Stored items:
-------
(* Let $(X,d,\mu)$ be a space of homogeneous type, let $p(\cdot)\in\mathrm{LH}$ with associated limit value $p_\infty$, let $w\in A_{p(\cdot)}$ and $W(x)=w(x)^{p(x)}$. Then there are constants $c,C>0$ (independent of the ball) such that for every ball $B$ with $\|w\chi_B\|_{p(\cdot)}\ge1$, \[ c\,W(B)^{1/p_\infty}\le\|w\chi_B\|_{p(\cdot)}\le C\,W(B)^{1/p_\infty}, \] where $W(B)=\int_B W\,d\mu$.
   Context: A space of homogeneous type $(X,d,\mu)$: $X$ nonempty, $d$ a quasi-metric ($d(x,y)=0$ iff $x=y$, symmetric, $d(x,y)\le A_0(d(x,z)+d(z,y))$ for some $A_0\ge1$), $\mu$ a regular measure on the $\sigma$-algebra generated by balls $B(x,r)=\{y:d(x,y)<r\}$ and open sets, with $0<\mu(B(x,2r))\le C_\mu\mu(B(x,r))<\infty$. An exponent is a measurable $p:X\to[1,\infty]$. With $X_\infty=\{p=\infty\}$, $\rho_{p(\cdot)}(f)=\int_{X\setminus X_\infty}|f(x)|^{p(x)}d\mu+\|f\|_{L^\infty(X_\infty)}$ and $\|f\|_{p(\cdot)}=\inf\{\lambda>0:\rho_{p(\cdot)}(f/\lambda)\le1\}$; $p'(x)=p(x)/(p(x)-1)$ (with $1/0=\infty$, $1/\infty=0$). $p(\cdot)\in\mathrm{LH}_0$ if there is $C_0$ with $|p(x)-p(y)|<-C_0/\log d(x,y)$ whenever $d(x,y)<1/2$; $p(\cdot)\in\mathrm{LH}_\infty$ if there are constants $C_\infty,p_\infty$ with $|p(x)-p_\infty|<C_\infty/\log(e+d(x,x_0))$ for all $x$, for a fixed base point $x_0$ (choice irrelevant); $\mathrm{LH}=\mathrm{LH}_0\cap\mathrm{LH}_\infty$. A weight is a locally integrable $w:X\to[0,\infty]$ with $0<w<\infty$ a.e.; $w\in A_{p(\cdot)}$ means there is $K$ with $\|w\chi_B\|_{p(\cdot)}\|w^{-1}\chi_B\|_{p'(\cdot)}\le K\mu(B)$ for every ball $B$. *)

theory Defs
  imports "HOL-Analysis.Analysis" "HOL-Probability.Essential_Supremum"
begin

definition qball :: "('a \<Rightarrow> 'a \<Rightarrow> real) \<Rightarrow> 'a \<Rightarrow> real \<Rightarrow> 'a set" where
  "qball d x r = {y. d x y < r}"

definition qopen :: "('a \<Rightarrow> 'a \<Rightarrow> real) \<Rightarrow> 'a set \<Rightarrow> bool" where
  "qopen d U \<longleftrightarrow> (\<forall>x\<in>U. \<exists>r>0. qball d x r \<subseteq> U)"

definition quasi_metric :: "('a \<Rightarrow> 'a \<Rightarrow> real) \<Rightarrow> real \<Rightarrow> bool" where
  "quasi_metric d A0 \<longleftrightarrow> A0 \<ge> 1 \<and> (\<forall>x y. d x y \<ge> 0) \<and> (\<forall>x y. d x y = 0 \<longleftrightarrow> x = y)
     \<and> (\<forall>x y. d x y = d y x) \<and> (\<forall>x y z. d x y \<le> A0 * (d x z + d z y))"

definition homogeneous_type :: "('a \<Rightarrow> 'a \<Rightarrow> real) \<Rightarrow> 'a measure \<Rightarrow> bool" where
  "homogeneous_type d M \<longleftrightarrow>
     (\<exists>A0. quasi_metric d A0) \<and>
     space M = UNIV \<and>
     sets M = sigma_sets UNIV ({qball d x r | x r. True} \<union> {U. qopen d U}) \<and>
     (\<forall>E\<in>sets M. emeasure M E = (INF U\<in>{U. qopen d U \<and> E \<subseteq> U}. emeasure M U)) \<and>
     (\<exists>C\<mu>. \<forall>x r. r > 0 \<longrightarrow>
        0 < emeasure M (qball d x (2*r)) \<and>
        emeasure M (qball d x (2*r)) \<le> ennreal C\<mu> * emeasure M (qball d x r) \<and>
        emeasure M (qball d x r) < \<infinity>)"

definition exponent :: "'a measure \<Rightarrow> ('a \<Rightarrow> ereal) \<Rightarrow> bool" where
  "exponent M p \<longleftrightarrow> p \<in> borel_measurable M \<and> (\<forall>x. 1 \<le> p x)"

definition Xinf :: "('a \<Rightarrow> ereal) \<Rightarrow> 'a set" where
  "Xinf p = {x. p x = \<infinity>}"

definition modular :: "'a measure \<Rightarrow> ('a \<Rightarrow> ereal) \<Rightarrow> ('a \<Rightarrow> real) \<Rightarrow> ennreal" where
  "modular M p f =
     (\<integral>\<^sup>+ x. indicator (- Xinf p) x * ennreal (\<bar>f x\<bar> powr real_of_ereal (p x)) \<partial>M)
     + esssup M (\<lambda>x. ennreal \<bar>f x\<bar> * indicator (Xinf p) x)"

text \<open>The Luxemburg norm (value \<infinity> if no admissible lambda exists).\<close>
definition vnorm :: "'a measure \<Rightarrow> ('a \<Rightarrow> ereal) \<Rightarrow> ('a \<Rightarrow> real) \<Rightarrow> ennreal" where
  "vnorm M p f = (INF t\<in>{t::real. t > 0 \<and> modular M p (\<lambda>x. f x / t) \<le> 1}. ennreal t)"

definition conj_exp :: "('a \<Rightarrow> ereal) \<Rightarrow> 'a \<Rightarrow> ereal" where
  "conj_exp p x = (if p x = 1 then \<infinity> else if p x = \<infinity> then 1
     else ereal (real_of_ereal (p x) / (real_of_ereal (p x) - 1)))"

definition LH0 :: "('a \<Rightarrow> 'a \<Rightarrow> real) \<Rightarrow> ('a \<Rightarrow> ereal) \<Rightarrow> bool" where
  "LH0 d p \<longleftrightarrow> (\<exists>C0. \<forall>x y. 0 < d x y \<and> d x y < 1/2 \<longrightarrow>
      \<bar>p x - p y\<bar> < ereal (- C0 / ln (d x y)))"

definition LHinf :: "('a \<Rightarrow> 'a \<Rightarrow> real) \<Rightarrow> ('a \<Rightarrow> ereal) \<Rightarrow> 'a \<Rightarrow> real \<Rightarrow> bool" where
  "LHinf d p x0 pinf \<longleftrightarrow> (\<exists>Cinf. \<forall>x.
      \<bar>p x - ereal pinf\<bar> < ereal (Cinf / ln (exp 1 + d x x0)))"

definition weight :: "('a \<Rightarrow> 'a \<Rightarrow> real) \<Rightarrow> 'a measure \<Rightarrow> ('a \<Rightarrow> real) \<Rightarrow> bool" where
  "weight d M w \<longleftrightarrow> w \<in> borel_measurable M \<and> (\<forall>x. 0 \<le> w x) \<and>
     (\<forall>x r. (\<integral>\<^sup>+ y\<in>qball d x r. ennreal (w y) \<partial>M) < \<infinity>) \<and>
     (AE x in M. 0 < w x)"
-------
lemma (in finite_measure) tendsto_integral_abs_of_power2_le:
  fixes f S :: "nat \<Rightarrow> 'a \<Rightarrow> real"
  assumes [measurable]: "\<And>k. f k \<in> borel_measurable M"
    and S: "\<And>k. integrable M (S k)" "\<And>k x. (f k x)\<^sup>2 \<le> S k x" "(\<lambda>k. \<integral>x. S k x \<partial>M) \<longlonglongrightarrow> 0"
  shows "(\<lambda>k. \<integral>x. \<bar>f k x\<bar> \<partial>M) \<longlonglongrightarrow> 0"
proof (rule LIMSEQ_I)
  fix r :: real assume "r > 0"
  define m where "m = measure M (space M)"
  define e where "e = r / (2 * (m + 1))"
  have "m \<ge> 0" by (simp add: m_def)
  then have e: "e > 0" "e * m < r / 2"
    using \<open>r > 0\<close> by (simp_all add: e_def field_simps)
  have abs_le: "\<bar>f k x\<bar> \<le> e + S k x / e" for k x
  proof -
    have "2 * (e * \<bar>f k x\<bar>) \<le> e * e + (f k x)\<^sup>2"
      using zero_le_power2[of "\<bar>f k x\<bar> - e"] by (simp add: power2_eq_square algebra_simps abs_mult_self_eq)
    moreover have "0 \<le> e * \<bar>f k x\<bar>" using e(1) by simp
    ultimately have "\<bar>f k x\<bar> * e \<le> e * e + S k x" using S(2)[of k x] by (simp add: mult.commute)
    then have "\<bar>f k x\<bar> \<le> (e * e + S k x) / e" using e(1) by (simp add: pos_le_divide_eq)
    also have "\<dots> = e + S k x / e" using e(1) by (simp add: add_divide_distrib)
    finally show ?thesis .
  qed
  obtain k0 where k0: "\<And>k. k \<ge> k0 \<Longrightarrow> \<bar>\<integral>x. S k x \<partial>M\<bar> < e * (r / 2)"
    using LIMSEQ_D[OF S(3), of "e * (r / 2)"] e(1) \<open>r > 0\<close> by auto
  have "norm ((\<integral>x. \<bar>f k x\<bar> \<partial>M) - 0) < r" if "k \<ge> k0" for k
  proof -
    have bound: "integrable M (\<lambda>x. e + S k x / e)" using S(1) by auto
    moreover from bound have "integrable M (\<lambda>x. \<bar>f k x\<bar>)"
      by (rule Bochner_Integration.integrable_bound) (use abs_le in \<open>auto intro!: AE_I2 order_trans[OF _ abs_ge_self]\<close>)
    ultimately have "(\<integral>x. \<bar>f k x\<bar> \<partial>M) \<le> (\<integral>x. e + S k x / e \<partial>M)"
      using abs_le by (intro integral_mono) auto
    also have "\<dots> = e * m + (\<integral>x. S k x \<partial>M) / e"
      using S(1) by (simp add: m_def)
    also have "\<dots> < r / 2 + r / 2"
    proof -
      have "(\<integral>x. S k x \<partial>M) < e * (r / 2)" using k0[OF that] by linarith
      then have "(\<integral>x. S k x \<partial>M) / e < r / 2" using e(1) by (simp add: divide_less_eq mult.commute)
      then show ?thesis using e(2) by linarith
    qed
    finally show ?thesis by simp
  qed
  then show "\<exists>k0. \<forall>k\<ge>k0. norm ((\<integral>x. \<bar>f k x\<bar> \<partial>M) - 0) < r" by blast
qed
-------
(EXERCISE INSTRUCTIONS)
Copy exactly the stretch of data above from the line with "e(1) by simp" through the line with "using LIMSEQ_D[OF S(3), of", and omit all other lines.

(REPLY)
    moreover have "0 \<le> e * \<bar>f k x\<bar>" using e(1) by simp
    ultimately have "\<bar>f k x\<bar> * e \<le> e * e + S k x" using S(2)[of k x] by (simp add: mult.commute)
    then have "\<bar>f k x\<bar> \<le> (e * e + S k x) / e" using e(1) by (simp add: pos_le_divide_eq)
    also have "\<dots> = e + S k x / e" using e(1) by (simp add: add_divide_distrib)
    finally show ?thesis .
  qed
  obtain k0 where k0: "\<And>k. k \<ge> k0 \<Longrightarrow> \<bar>\<integral>x. S k x \<partial>M\<bar> < e * (r / 2)"
    using LIMSEQ_D[OF S(3), of "e * (r / 2)"] e(1) \<open>r > 0\<close> by auto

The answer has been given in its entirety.